23 June 2014

[liff] The Scrub Jays Of McMinnville

There is a bit of property down in McMinnville that we are obliged to maintain, for reasons which are not germane to the following discussion. Suffice to say that we have to do a couple of very hard jobs down that way at least once a year. Money is expended, Gatorade is consumed. It's typically hot work, though this iteration, while it happened on the official first day of summer, happened during weather that was fine yet temperate – occasional clouds, some overcast holding off the heat of the day 'til the mid-afternoon. Best for landscaping a tough job.

Over the past several years, we've had bird visitation. Typically after the long grass gets cut down and before the creatures who exist on the dirt surface had a chance to get underground, the jays came.

California Scrub Jays, they call them. Here's a handsome fellow scouting the just-cut grass for nommage:

We've noticed that they happen each time.
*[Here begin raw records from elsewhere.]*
lemma W11_net:
  assumes pr: "profile P s" and u: "u \<in> P"
    and units: "\<forall>x\<in>P. {w \<in> P. d x w = 1} \<subseteq> s x"
  shows "W11 (net P s) d u = unit_reach P d u"
proof
  have "s x \<subseteq> P" if "x \<in> P" for x using pr that by (auto simp: profile_def)
  then show "W11 (net P s) d u \<subseteq> unit_reach P d u"
    by (auto simp: W11_def unit_reach_def)
  show "unit_reach P d u \<subseteq> W11 (net P s) d u"
    using u units by (auto simp: W11_def unit_reach_def)
qed

lemma bal_val_net:
  assumes pr: "profile P s" and u: "u \<in> P"
    and units: "\<forall>x\<in>P. {w \<in> P. d x w = 1} \<subseteq> s x"
  shows "bal_val \<alpha> (net P s) d u = balance \<alpha> P d u (s u)"
  unfolding bal_val_def balance_def W2plus_def W2_def Nb_net[OF u] W11_net[OF assms] ..

lemma bal_val_replace_out_net:
  assumes pr: "profile P s" and u: "u \<in> P"
    and units: "\<forall>x\<in>P. {w \<in> P. d x w = 1} \<subseteq> s x" and adm: "admissible P d u N"
  shows "bal_val \<alpha> (replace_out (net P s) u N) d u = balance \<alpha> P d u N"
proof -
  have "profile P (s(u := N))"
    using profile_fun_upd[OF pr] adm by (simp add: admissible_def dominating_def)
  moreover have "\<forall>x\<in>P. {w \<in> P. d x w = 1} \<subseteq> (s(u := N)) x"
    using units adm by (simp add: admissible_def)
  ultimately show ?thesis
    using bal_val_net[of P "s(u := N)" u] u by (simp add: replace_out_net)
qed

lemma card_Int_swap_bounds:
  assumes fin: "finite N" and x: "x \<in> N" and swap: "N' = N - {x} \<or> N' = N - {x} \<union> {y}"
    and keep: "x \<in> B \<or> x \<in> N'"
  shows "card (N' \<inter> B) \<le> card (N \<inter> B)" and "card (N \<inter> B) \<le> card (N' \<inter> B) + 1"
proof -
  have fin': "finite (N' \<inter> B)" using fin swap by auto
  have "card (N \<inter> B) \<le> card (insert x (N' \<inter> B))"
    using fin' swap by (intro card_mono) auto
  then show "card (N \<inter> B) \<le> card (N' \<inter> B) + 1"
    using fin' by (simp add: card_insert_if split: if_splits)
  show "card (N' \<inter> B) \<le> card (N \<inter> B)"
  proof (cases "N' = N - {x}")
    case True
    then show ?thesis using fin by (intro card_mono) auto
  next
    case False
    with swap have N': "N' = N - {x} \<union> {y}" by simp
    show ?thesis
    proof (cases "x \<in> B")
      case True
      have "card (N' \<inter> B) \<le> card (insert y (N \<inter> B - {x}))"
        using fin N' by (intro card_mono) auto
      also have "\<dots> \<le> card (N \<inter> B - {x}) + 1"
        using fin by (simp add: card_insert_if)
      also have "\<dots> = card (N \<inter> B)"
      proof -
        have "0 < card (N \<inter> B)" using fin x True by (auto simp: card_gt_0_iff)
        then show ?thesis using x True by (simp add: card_Diff_singleton)
      qed
      finally show ?thesis .
    next
      case False
      with keep N' x have "N' = N" by auto
      then show ?thesis by simp
    qed
  qed
qed

text \<open>A swap lowers |W_2(u)| by at most one, so also losing an element of W_2^+(u) would
  lower the balance by at least min(1/2, \<alpha>) > 0.\<close>
lemma balance_min_no_improving_swap:
  assumes fin: "finite N" and \<alpha>: "\<alpha> > 0" and x: "x \<in> N"
    and swap: "N' = N - {x} \<or> N' = N - {x} \<union> {y}" and keep: "d u x = 2 \<or> x \<in> N'"
    and le: "balance \<alpha> P d u N \<le> balance \<alpha> P d u N'"
  shows "card ({v \<in> N. d u v = 2} \<inter> unit_reach P d u)
           \<le> card ({v \<in> N'. d u v = 2} \<inter> unit_reach P d u)"
proof -
  let ?B = "{v. d u v = 2}"
  have far: "{v \<in> M. d u v = 2} = M \<inter> ?B" for M by auto
  define a a' r r' where "a = card (N \<inter> ?B)" and "a' = card (N' \<inter> ?B)"
    and "r = card (N \<inter> ?B \<inter> unit_reach P d u)" and "r' = card (N' \<inter> ?B \<inter> unit_reach P d u)"
  have bal: "(\<alpha> - 1/2) * a + 1/2 * r \<le> (\<alpha> - 1/2) * a' + 1/2 * r'"
    using le by (simp add: balance_def far a_def a'_def r_def r'_def)
  from card_Int_swap_bounds[OF fin x swap, of ?B] keep
  consider "a' = a" | "a = a' + 1" by (fastforce simp: a_def a'_def)
  then have "r \<le> r'"
  proof cases
    case 1
    then show ?thesis using bal by simp
  next
    case 2
    then have "(\<alpha> - 1/2) * a = (\<alpha> - 1/2) * a' + (\<alpha> - 1/2)" by (simp add: algebra_simps)
    with bal \<alpha> have "real r < real r' + 1" by linarith
    then show ?thesis by simp
  qed
  then show ?thesis by (simp add: far r_def r'_def)
qed

definition balanced_profile :: "real \<Rightarrow> 'a set \<Rightarrow> ('a \<Rightarrow> 'a \<Rightarrow> nat) \<Rightarrow> ('a \<Rightarrow> 'a set) \<Rightarrow> bool" where
  "balanced_profile \<alpha> P d s \<longleftrightarrow> (\<forall>u\<in>P. admissible P d u (s u) \<and>
     (\<forall>N. admissible P d u N \<longrightarrow> balance \<alpha> P d u (s u) \<le> balance \<alpha> P d u N))"

lemma nash_iff_balanced_profile:
  assumes met: "one_two_metric P d" and fin: "finite P" and pr: "profile P s"
    and \<alpha>: "\<alpha> > 0" and Z: "(3/2 + \<alpha>) * real (card P) < Z"
  shows "nash P d \<alpha> Z s \<longleftrightarrow> balanced_profile \<alpha> P d s"
proof -
  have "0 \<le> (3/2 + \<alpha>) * real (card P)" using \<alpha> by simp
  with Z have Z_nonneg: "Z \<ge> 0" by linarith
  show ?thesis
  proof
    assume nash: "nash P d \<alpha> Z s"
    have adm: "admissible P d u (s u)" if u: "u \<in> P" for u
    proof (rule ccontr)
      assume "\<not> admissible P d u (s u)"
      then have "Z \<le> cost P d \<alpha> Z s u"
        using cost_ge_penalty_if_not_admissible[OF met fin pr u] Z_nonneg \<alpha> by simp
      also have "\<dots> \<le> cost P d \<alpha> Z (s(u := P - {u})) u"
        using nash u unfolding nash_def by blast
      also have "\<dots> = (1 + \<alpha>) * real (card (P - {u}))"
        using cost_buy_all[OF met profile_fun_upd[OF pr]] u by simp
      also have "\<dots> \<le> (3/2 + \<alpha>) * real (card P)"
        using \<alpha> fin by (intro mult_mono) (auto simp: card_Diff1_le)
      finally show False using Z by simp
    qed
    show "balanced_profile \<alpha> P d s"
      unfolding balanced_profile_def
    proof (intro ballI conjI allI impI)
      fix u N assume u: "u \<in> P" and adm': "admissible P d u N"
      have others: "\<forall>x\<in>P - {u}. {w \<in> P. d x w = 1} \<subseteq> s x"
        using adm by (simp add: admissible_def)
      have "N \<subseteq> P - {u}" using adm' by (simp add: admissible_def dominating_def)
      then have "cost P d \<alpha> Z s u \<le> cost P d \<alpha> Z (s(u := N)) u"
        using nash u unfolding nash_def by blast
      then show "balance \<alpha> P d u (s u) \<le> balance \<alpha> P d u N"
        using cost_le_iff_balance_le[OF met fin pr u others adm[OF u] adm'] by simp
    qed (use adm in simp)
  next
    assume bal: "balanced_profile \<alpha> P d s"
    show "nash P d \<alpha> Z s"
      unfolding nash_def
    proof (intro ballI allI impI)
      fix u S' assume u: "u \<in> P" and S': "S' \<subseteq> P - {u}"
      have adm: "admissible P d u (s u)" and others: "\<forall>x\<in>P - {u}. {w \<in> P. d x w = 1} \<subseteq> s x"
        using bal u by (auto simp: balanced_profile_def admissible_def)
      show "cost P d \<alpha> Z s u \<le> cost P d \<alpha> Z (s(u := S')) u"
      proof (cases "admissible P d u S'")
        case True
        then show ?thesis
          using bal u cost_le_iff_balance_le[OF met fin pr u others adm True]
          by (simp add: balanced_profile_def)
      next
        case False
        have "cost P d \<alpha> Z s u \<le> (3/2 + \<alpha>) * real (card P)"
          using cost_le_if_admissible[OF met fin pr u others adm] \<alpha> by simp
        also have "\<dots> \<le> Z" using Z by simp
        also have "\<dots> \<le> cost P d \<alpha> Z (s(u := S')) u"
          by (rule cost_ge_penalty_if_not_admissible[OF met fin profile_fun_upd[OF pr S'] u])
            (use False \<alpha> Z_nonneg in simp_all)
        finally show ?thesis .
      qed
    qed
  qed
qed

lemma balanced_profile_unit_arcs:
  "balanced_profile \<alpha> P d s \<Longrightarrow> \<forall>x\<in>P. {w \<in> P. d x w = 1} \<subseteq> s x"
  by (simp add: balanced_profile_def admissible_def)

lemma balanced_profile_no_improving_swap:
  assumes met: "one_two_metric P d" and fin: "finite P" and pr: "profile P s" and \<alpha>: "\<alpha> > 0"
    and bal: "balanced_profile \<alpha> P d s" and u: "u \<in> P"
    and x: "x \<in> Nb (net P s) u"
    and swap: "N' = Nb (net P s) u - {x} \<or> (\<exists>y\<in>P - {u}. N' = (Nb (net P s) u - {x}) \<union> {y})"
    and unit: "{v \<in> P. d u v = 1} \<subseteq> N'" and dom: "dominating P d u N'"
  shows "card (W2plus (net P s) d u) \<le> card ({v \<in> N'. d u v = 2} \<inter> W11 (net P s) d u)"
proof -
  have units: "\<forall>x\<in>P. {w \<in> P. d x w = 1} \<subseteq> s x" using balanced_profile_unit_arcs[OF bal] .
  have su: "s u \<subseteq> P - {u}" using pr u by (auto simp: profile_def)
  obtain y where swap': "N' = s u - {x} \<or> N' = s u - {x} \<union> {y}"
    using swap Nb_net[OF u] by blast
  have xs: "x \<in> s u" using x Nb_net[OF u] by simp
  have "d u x = 2 \<or> x \<in> N'"
    using one_two_metricD(3)[OF met u, of x] xs su unit by auto
  moreover have "balance \<alpha> P d u (s u) \<le> balance \<alpha> P d u N'"
    using bal u unit dom by (simp add: balanced_profile_def admissible_def)
  ultimately have "card ({v \<in> s u. d u v = 2} \<inter> unit_reach P d u)
      \<le> card ({v \<in> N'. d u v = 2} \<inter> unit_reach P d u)"
    using balance_min_no_improving_swap[OF _ \<alpha> xs swap'] fin su finite_subset by blast
  then show ?thesis
    by (simp add: W2plus_def W2_def Nb_net[OF u] W11_net[OF pr u units])
qed

lemma BDSG_net_iff_balanced_profile:
  assumes met: "one_two_metric P d" and fin: "finite P" and pr: "profile P s" and \<alpha>: "\<alpha> > 0"
  shows "BDSG P d \<alpha> (net P s) \<longleftrightarrow> balanced_profile \<alpha> P d s"
proof
  assume bdsg: "BDSG P d \<alpha> (net P s)"
  then have dsg: "DSG P d (net P s)" by (simp add: BDSG_def)
  then have "\<forall>v\<in>P. \<forall>w\<in>P. d v w = 1 \<longrightarrow> (v, w) \<in> net P s" by (simp add: DSG_def)
  then have units: "\<forall>x\<in>P. {w \<in> P. d x w = 1} \<subseteq> s x" by auto
  have adm: "admissible P d u (s u)" if u: "u \<in> P" for u
    using dsg units u by (simp add: DSG_def admissible_def Nb_net)
  show "balanced_profile \<alpha> P d s"
    unfolding balanced_profile_def
  proof (intro ballI conjI allI impI)
    fix u N assume u: "u \<in> P" and adm': "admissible P d u N"
    then have "N \<subseteq> P - {u}" "{v \<in> P. d u v = 1} \<subseteq> N" "dominating P d u N"
      by (auto simp: admissible_def dominating_def)
    then have "bal_val \<alpha> (net P s) d u \<le> bal_val \<alpha> (replace_out (net P s) u N) d u"
      using bdsg u unfolding BDSG_def by blast
    then show "balance \<alpha> P d u (s u) \<le> balance \<alpha> P d u N"
      using bal_val_net[OF pr u units] bal_val_replace_out_net[OF pr u units adm'] by simp
  qed (use adm in simp)
next
  assume bal: "balanced_profile \<alpha> P d s"
  have units: "\<forall>x\<in>P. {w \<in> P. d x w = 1} \<subseteq> s x" using balanced_profile_unit_arcs[OF bal] .
  have "DSG P d (net P s)"
    unfolding DSG_def
  proof (intro conjI ballI impI)
    show "net P s \<subseteq> P \<times> P" using net_subset[OF pr] .
  next
    fix v w assume "v \<in> P" "w \<in> P" "d v w = 1"
    then show "(v, w) \<in> net P s" using units by auto
  next
    fix u assume "u \<in> P"
    then show "dominating P d u (Nb (net P s) u)"
      using bal by (simp add: balanced_profile_def admissible_def Nb_net)
  next
    fix u assume "u \<in> P"
    then show "\<not> (\<exists>N'. N' \<subseteq> P - {u} \<and>
          (\<exists>x\<in>Nb (net P s) u. N' = Nb (net P s) u - {x} \<or>
             (\<exists>y\<in>P - {u}. N' = (Nb (net P s) u - {x}) \<union> {y})) \<and>
          {v \<in> P. d u v = 1} \<subseteq> N' \<and> dominating P d u N' \<and>
          card ({v \<in> N'. d u v = 2} \<inter> W11 (net P s) d u) < card (W2plus (net P s) d u))"
      using balanced_profile_no_improving_swap[OF met fin pr \<alpha> bal] leD by blast
  qed
  moreover have "bal_val \<alpha> (net P s) d u \<le> bal_val \<alpha> (replace_out (net P s) u N) d u"
    if u: "u \<in> P" and "{v \<in> P. d u v = 1} \<subseteq> N" and "dominating P d u N" for u N
  proof -
    have "admissible P d u N" using that by (simp add: admissible_def)
    then show ?thesis
      using bal u bal_val_net[OF pr u units] bal_val_replace_out_net[OF pr u units]
      by (simp add: balanced_profile_def)
  qed
  ultimately show "BDSG P d \<alpha> (net P s)" by (simp add: BDSG_def)
qed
It's not a visit unless we see some jays, really. They're like friends, in a way. This time, we had a few moments to look and observe … and we saw some family behavior there that was quite delightful.
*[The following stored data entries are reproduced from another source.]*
(* Let $\mathcal{T}$ be a finite or countably infinite set, let $\prec$ be a strict total order on $\mathcal{T}$, and let $\mathbf{p} \ne \mathbf{q}$ be two probability distributions on $\mathcal{T}$. For a positive integer $m$, let $X_0 \sim \mathbf{q}$, $X_1,\dots,X_m \sim^{\mathrm{iid}} \mathbf{p}$, $U_0,\dots,U_m \sim^{\mathrm{iid}} \mathrm{Uniform}(0,1)$ be mutually independent, and let $R = \sum_{j=1}^m \big(\mathbb{I}[X_j \prec X_0] + \mathbb{I}[X_j = X_0, U_j < U_0]\big)$. Then there is some $M \ge 1$ such that, for $m = M$, $R$ is not uniformly distributed on $\{0,1,\dots,M\}$.
   Context: $\mathbb{I}[\cdot]$ denotes the indicator of an event; $R$ depends on $m$. *)

theory Defs
  imports "HOL-Probability.Probability"
begin

definition rank_space :: "'a pmf \<Rightarrow> 'a pmf \<Rightarrow> nat \<Rightarrow> ('a \<times> (nat \<Rightarrow> 'a) \<times> (nat \<Rightarrow> real)) measure" where
  "rank_space p q m =
     measure_pmf q \<Otimes>\<^sub>M
       (PiM {1..m} (\<lambda>_. measure_pmf p) \<Otimes>\<^sub>M
        PiM {0..m} (\<lambda>_. uniform_measure lborel {0<..<1::real}))"

definition rank_stat :: "('a \<Rightarrow> 'a \<Rightarrow> bool) \<Rightarrow> nat \<Rightarrow> 'a \<times> (nat \<Rightarrow> 'a) \<times> (nat \<Rightarrow> real) \<Rightarrow> nat" where
  "rank_stat lt m \<omega> = (case \<omega> of (x0, xs, us) \<Rightarrow>
     (\<Sum>j=1..m. of_bool (lt (xs j) x0) + of_bool (xs j = x0 \<and> us j < us 0)))"

end

theory Submission
  imports Defs
begin

(*
  Let a be the p-mass strictly below X_0 and c = p(X_0). The event R = m says that every (X_j, U_j)
  ranks below (X_0, U_0); given X_0 and U_0 this has probability V^m, where V = a + c U_0 is the
  randomized distribution function of p evaluated at X_0. If R were uniform for every m, then
  P(R = m) = 1/(m + 1) would give V the moments of the uniform distribution on [0, 1], and by the
  Weierstrass approximation theorem V would give every interval [s, t] mass at most t - s. But V lies
  in [a, a + c] whenever X_0 = x, so q(x) <= c = p(x) for every x, which forces p = q.
*)

lemma abs_integral_unit_interval_le:
  fixes h :: "real \<Rightarrow> real"
  assumes "continuous_on UNIV h" "\<And>x. x \<in> {0..1} \<Longrightarrow> \<bar>h x\<bar> \<le> e"
  shows "\<bar>\<integral>t. h t * indicator {0..1} t \<partial>lborel\<bar> \<le> e"
proof -
  have "\<bar>\<integral>t. h t * indicator {0..1} t \<partial>lborel\<bar> \<le> (\<integral>t. e * indicator {0..1::real} t \<partial>lborel)"
  proof (rule integral_abs_bound_integral)
    show "integrable lborel (\<lambda>t. h t * indicator {0..1} t)"
      using assms(1) by (intro borel_integrable_atLeastAtMost) (simp add: continuous_on_eq_continuous_at)
    show "integrable lborel (\<lambda>t. e * indicator {0..1::real} t)"
      by (intro integrable_mult_right integrable_real_indicator) auto
  qed (use assms(2) in \<open>auto simp: indicator_def\<close>)
  then show ?thesis by simp
qed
A couple of jays were visible at most times in the sweetgum maple that exists at the front of the property. At first we thought it was simply a mom and dad bird protecting the nest.

But it became evident when we saw the fluffy down on some bird butts that what we probably had was at least two adolescent fledgelings taking some first flights. There was at least one adult that seemed to be keeping tabs on the kids, who perched on the wires and yelled at us to get out of their yard.
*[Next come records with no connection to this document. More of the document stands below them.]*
lemma Phi_monic: "degree (Phi \<alpha> n) = n \<and> coeff (Phi \<alpha> n) n = 1"
proof (induction n)
  case (Suc n)
  have reflected: "degree (smult (cnj (\<alpha> n)) (star_poly (Phi \<alpha> n))) \<le> n"
    using Suc degree_star_poly_le degree_smult_le order.trans by metis
  have "coeff (star_poly (Phi \<alpha> n)) (Suc n) = 0"
    using Suc degree_star_poly_le[of "Phi \<alpha> n"] by (intro coeff_eq_0) simp
  then have lead: "coeff (Phi \<alpha> (Suc n)) (Suc n) = 1"
    using Suc by simp
  have "degree (Phi \<alpha> (Suc n)) \<le> Suc n"
    using Suc reflected by (auto intro!: degree_diff_le)
  moreover have "Suc n \<le> degree (Phi \<alpha> (Suc n))"
    using lead by (intro le_degree) simp
  ultimately show ?case
    using lead by (intro conjI antisym)
qed simp

lemma degree_Phi [simp]: "degree (Phi \<alpha> n) = n"
  using Phi_monic by (simp only:)

lemma coeff_Phi_degree: "coeff (Phi \<alpha> n) n = 1"
  using Phi_monic by (simp only:)

lemma lpair_Phi_one:
  "lpair mom (Phi \<alpha> m) 1 = mom (int m) + (\<Sum>i<m. coeff (Phi \<alpha> m) i * mom (int i))"
  by (simp add: lpair_def coeff_Phi_degree flip: lessThan_Suc_atMost)

lemma lpair_one_Phi:
  "lpair mom 1 (Phi \<alpha> m) = mom (- int m) + (\<Sum>i<m. cnj (coeff (Phi \<alpha> m) i) * mom (- int i))"
  by (simp add: lpair_def coeff_Phi_degree flip: lessThan_Suc_atMost)

lemma moments_unique:
  assumes "mom 0 = 1" "\<And>m. 0 < m \<Longrightarrow> lpair mom (Phi \<alpha> m) 1 = 0 \<and> lpair mom 1 (Phi \<alpha> m) = 0"
    and "mom' 0 = 1" "\<And>m. 0 < m \<Longrightarrow> lpair mom' (Phi \<alpha> m) 1 = 0 \<and> lpair mom' 1 (Phi \<alpha> m) = 0"
  shows "mom = mom'"
proof -
  have "mom (int m) = mom' (int m) \<and> mom (- int m) = mom' (- int m)" for m
  proof (induction m rule: less_induct)
    case (less m)
    show ?case
    proof (cases "m = 0")
      case False
      have "(\<Sum>i<m. coeff (Phi \<alpha> m) i * mom (int i)) = (\<Sum>i<m. coeff (Phi \<alpha> m) i * mom' (int i))"
        "(\<Sum>i<m. cnj (coeff (Phi \<alpha> m) i) * mom (- int i)) = (\<Sum>i<m. cnj (coeff (Phi \<alpha> m) i) * mom' (- int i))"
        using less by (auto intro: sum.cong)
      then show ?thesis
        using assms(2,4)[of m] False by (simp add: lpair_Phi_one lpair_one_Phi add_eq_0_iff)
    qed (simp add: assms)
  qed
  then show ?thesis
    by (metis ext int_cases2)
qed

lemma moments_eqI:
  assumes "mom 0 = 1" "\<And>m n. m \<noteq> n \<Longrightarrow> lpair mom (Phi \<alpha> m) (Phi \<alpha> n) = 0"
  shows "moments \<alpha> = mom"
proof -
  have against_one: "lpair M (Phi \<alpha> m) 1 = 0 \<and> lpair M 1 (Phi \<alpha> m) = 0"
    if "\<forall>m n. m \<noteq> n \<longrightarrow> lpair M (Phi \<alpha> m) (Phi \<alpha> n) = 0" "0 < m" for M m
    using that by (metis Phi.simps(1) less_irrefl)
  show ?thesis
    unfolding moments_def
  proof (rule the_equality)
    fix mom'
    assume "mom' 0 = 1 \<and> (\<forall>m n. m \<noteq> n \<longrightarrow> lpair mom' (Phi \<alpha> m) (Phi \<alpha> n) = 0)"
    then show "mom' = mom"
      using assms against_one by (intro moments_unique[of mom' \<alpha> mom]) auto
  qed (use assms in blast)
qed

definition mixture_moments :: "complex \<Rightarrow> int \<Rightarrow> complex" where
  "mixture_moments c k = (if k = 0 then 1 else c)"

lemma lpair_mixture_moments:
  "lpair (mixture_moments c) f g
     = c * poly f 1 * cnj (poly g 1) + (1 - c) * (\<Sum>i\<le>degree f. coeff f i * cnj (coeff g i))"
proof -
  have diagonal: "(\<Sum>j\<le>degree g. (if i = j then cnj (coeff g j) else 0)) = cnj (coeff g i)" for i
    by (auto simp: coeff_eq_0)
  have "lpair (mixture_moments c) f g = (\<Sum>i\<le>degree f. \<Sum>j\<le>degree g.
      c * (coeff f i * cnj (coeff g j)) + (1 - c) * (coeff f i * (if i = j then cnj (coeff g j) else 0)))"
    unfolding lpair_def mixture_moments_def by (intro sum.cong) (auto simp: algebra_simps)
  also have "\<dots> = c * (\<Sum>i\<le>degree f. coeff f i) * (\<Sum>j\<le>degree g. cnj (coeff g j))
      + (1 - c) * (\<Sum>i\<le>degree f. coeff f i * cnj (coeff g i))"
    by (simp add: sum.distrib diagonal sum_distrib_left sum_distrib_right sum_product mult.assoc
        flip: sum_distrib_left)
  finally show ?thesis
    by (simp add: poly_altdef)
qed

definition kappa :: "real \<Rightarrow> nat \<Rightarrow> real" where
  "kappa \<gamma> n = \<gamma> / (1 + (real n - 1) * \<gamma>)"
I always wondered about birds and wires. They take to them so naturally. I always thought that birds like this had a cosmology, and just as some of us monkeys think that since the Universe made us possible that the Universe evolved for us, I figured birds knew that us humans existed so that wires would develop for their perching.

But we figure we have occupants on the place that take care of it for us, at least, in that birdy way.